───── Records to use ─────

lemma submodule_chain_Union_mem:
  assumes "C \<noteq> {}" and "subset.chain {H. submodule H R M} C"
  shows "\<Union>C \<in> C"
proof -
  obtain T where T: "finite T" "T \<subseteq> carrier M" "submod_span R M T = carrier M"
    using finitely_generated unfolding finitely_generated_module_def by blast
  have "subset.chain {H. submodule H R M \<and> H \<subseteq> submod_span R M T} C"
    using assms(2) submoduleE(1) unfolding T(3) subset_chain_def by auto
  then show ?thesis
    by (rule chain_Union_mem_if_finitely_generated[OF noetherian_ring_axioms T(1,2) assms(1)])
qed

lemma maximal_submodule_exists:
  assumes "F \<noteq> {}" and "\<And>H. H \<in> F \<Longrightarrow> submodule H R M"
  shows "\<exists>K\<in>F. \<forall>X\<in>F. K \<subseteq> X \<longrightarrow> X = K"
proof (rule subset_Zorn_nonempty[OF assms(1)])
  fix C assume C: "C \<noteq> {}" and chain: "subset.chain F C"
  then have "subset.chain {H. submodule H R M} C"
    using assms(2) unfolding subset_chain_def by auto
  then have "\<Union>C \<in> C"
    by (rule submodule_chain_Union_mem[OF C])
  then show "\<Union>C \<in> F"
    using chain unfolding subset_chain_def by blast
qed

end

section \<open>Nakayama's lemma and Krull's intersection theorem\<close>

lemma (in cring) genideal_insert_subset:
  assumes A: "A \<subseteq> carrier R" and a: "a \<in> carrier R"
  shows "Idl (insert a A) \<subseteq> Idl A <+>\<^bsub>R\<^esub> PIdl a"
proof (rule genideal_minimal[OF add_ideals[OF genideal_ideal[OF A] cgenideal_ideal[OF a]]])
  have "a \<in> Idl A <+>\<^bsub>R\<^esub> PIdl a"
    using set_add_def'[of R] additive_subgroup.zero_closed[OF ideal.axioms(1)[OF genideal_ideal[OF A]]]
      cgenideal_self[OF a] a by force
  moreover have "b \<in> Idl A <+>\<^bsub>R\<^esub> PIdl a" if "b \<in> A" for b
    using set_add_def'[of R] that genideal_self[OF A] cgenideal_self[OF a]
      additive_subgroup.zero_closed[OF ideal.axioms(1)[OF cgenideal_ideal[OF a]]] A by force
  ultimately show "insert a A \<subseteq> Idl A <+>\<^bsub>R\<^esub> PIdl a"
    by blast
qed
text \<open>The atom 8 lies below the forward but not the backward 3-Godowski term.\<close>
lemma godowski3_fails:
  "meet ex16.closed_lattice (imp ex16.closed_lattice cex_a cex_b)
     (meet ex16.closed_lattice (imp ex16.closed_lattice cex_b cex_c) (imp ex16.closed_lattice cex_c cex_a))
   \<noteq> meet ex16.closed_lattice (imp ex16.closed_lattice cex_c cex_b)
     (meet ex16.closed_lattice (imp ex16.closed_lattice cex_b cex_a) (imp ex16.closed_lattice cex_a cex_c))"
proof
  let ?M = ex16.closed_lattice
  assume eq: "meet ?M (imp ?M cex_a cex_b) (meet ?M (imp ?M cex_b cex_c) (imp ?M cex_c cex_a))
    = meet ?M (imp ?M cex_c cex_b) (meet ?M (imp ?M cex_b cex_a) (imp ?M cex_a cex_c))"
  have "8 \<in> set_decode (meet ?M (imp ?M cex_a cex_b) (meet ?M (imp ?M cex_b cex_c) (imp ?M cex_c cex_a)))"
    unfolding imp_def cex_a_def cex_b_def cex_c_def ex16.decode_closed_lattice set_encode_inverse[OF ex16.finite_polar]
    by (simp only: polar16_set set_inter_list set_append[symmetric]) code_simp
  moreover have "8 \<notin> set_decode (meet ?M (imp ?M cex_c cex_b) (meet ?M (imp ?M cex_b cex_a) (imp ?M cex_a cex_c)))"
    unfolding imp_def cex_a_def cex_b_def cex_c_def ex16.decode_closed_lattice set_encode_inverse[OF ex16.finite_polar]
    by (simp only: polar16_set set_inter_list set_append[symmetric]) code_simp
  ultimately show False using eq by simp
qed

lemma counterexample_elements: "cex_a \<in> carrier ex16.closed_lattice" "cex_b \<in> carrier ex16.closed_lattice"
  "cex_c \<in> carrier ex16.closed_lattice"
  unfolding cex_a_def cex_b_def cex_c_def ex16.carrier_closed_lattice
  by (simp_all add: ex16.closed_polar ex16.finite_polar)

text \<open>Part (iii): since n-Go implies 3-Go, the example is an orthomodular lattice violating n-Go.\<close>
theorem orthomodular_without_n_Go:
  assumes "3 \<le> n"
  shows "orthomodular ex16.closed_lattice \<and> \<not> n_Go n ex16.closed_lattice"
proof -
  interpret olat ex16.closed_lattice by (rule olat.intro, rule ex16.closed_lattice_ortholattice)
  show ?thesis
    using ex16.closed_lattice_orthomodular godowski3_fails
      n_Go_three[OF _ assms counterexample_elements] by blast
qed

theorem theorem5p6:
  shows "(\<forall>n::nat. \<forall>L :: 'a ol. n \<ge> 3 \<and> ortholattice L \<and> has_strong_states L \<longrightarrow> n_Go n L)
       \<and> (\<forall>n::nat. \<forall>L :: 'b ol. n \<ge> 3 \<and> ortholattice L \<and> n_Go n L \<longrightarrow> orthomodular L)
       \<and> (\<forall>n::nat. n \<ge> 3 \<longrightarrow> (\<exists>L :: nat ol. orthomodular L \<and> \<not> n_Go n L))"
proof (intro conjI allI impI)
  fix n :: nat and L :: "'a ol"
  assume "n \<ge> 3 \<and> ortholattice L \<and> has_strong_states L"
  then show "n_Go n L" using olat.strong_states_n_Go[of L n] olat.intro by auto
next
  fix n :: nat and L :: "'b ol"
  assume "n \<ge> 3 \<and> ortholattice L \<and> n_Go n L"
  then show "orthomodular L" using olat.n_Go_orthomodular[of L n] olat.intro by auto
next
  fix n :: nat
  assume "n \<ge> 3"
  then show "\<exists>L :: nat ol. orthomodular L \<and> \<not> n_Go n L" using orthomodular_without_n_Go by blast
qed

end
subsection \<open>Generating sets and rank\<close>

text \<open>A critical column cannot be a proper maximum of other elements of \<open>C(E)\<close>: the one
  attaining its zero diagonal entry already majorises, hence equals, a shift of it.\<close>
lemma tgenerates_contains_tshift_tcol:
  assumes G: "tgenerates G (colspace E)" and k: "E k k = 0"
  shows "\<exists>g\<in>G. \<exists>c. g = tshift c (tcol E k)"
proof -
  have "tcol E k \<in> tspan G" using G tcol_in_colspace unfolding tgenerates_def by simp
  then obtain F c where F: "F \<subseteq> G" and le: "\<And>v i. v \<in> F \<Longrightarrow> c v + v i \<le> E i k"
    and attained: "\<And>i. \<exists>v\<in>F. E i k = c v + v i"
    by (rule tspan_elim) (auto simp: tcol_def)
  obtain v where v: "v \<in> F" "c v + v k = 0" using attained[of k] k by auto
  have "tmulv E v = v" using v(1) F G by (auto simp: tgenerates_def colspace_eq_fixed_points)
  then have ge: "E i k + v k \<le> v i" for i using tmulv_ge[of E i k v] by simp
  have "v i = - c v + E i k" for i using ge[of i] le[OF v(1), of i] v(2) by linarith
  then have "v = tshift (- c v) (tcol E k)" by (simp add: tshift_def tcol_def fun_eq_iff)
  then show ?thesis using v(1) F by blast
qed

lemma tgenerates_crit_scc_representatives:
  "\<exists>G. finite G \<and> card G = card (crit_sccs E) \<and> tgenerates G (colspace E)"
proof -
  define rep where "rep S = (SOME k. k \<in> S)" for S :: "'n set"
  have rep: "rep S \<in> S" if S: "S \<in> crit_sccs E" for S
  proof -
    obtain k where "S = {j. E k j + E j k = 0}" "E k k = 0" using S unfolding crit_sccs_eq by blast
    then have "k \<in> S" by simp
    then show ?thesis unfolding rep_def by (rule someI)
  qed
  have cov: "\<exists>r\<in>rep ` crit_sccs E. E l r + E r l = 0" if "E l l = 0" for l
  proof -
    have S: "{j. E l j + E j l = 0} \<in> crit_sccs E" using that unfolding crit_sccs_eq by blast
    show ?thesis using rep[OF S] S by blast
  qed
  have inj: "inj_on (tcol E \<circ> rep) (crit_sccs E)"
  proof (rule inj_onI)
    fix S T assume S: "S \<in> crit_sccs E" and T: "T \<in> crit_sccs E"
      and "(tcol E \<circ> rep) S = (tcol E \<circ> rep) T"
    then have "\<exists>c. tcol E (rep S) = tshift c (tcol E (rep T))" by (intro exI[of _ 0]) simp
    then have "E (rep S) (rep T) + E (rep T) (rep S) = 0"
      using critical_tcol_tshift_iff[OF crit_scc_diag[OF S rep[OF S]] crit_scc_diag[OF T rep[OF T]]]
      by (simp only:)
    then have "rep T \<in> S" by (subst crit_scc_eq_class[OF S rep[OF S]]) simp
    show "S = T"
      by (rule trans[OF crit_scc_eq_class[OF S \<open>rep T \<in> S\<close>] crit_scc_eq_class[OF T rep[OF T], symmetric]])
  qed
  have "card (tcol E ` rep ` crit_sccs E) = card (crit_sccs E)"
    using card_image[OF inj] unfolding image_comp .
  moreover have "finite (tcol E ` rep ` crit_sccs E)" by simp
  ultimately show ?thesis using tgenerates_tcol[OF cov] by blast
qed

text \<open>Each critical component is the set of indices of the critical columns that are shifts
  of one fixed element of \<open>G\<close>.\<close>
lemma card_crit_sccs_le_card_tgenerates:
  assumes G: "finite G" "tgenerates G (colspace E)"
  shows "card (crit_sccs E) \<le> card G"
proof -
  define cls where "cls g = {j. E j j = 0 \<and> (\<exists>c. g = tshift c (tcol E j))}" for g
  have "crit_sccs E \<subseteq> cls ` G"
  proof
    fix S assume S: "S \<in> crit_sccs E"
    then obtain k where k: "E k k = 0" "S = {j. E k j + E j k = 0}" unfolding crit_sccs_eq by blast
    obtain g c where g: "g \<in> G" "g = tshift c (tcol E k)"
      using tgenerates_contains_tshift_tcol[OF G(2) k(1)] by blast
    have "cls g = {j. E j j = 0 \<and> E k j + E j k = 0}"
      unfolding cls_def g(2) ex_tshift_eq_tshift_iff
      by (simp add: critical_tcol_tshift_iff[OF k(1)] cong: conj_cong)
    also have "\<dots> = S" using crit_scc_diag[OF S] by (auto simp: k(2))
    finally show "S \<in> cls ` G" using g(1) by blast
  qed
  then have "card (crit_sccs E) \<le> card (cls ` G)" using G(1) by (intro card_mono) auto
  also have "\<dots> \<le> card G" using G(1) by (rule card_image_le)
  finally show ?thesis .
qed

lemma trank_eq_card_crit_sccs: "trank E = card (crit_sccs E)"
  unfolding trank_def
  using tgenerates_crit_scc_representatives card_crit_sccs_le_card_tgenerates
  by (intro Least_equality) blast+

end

─────

[What is expected]: Looking at the entries above, count each line in which the word "also" occurs, then give the total and nothing further.

[Response area]: 2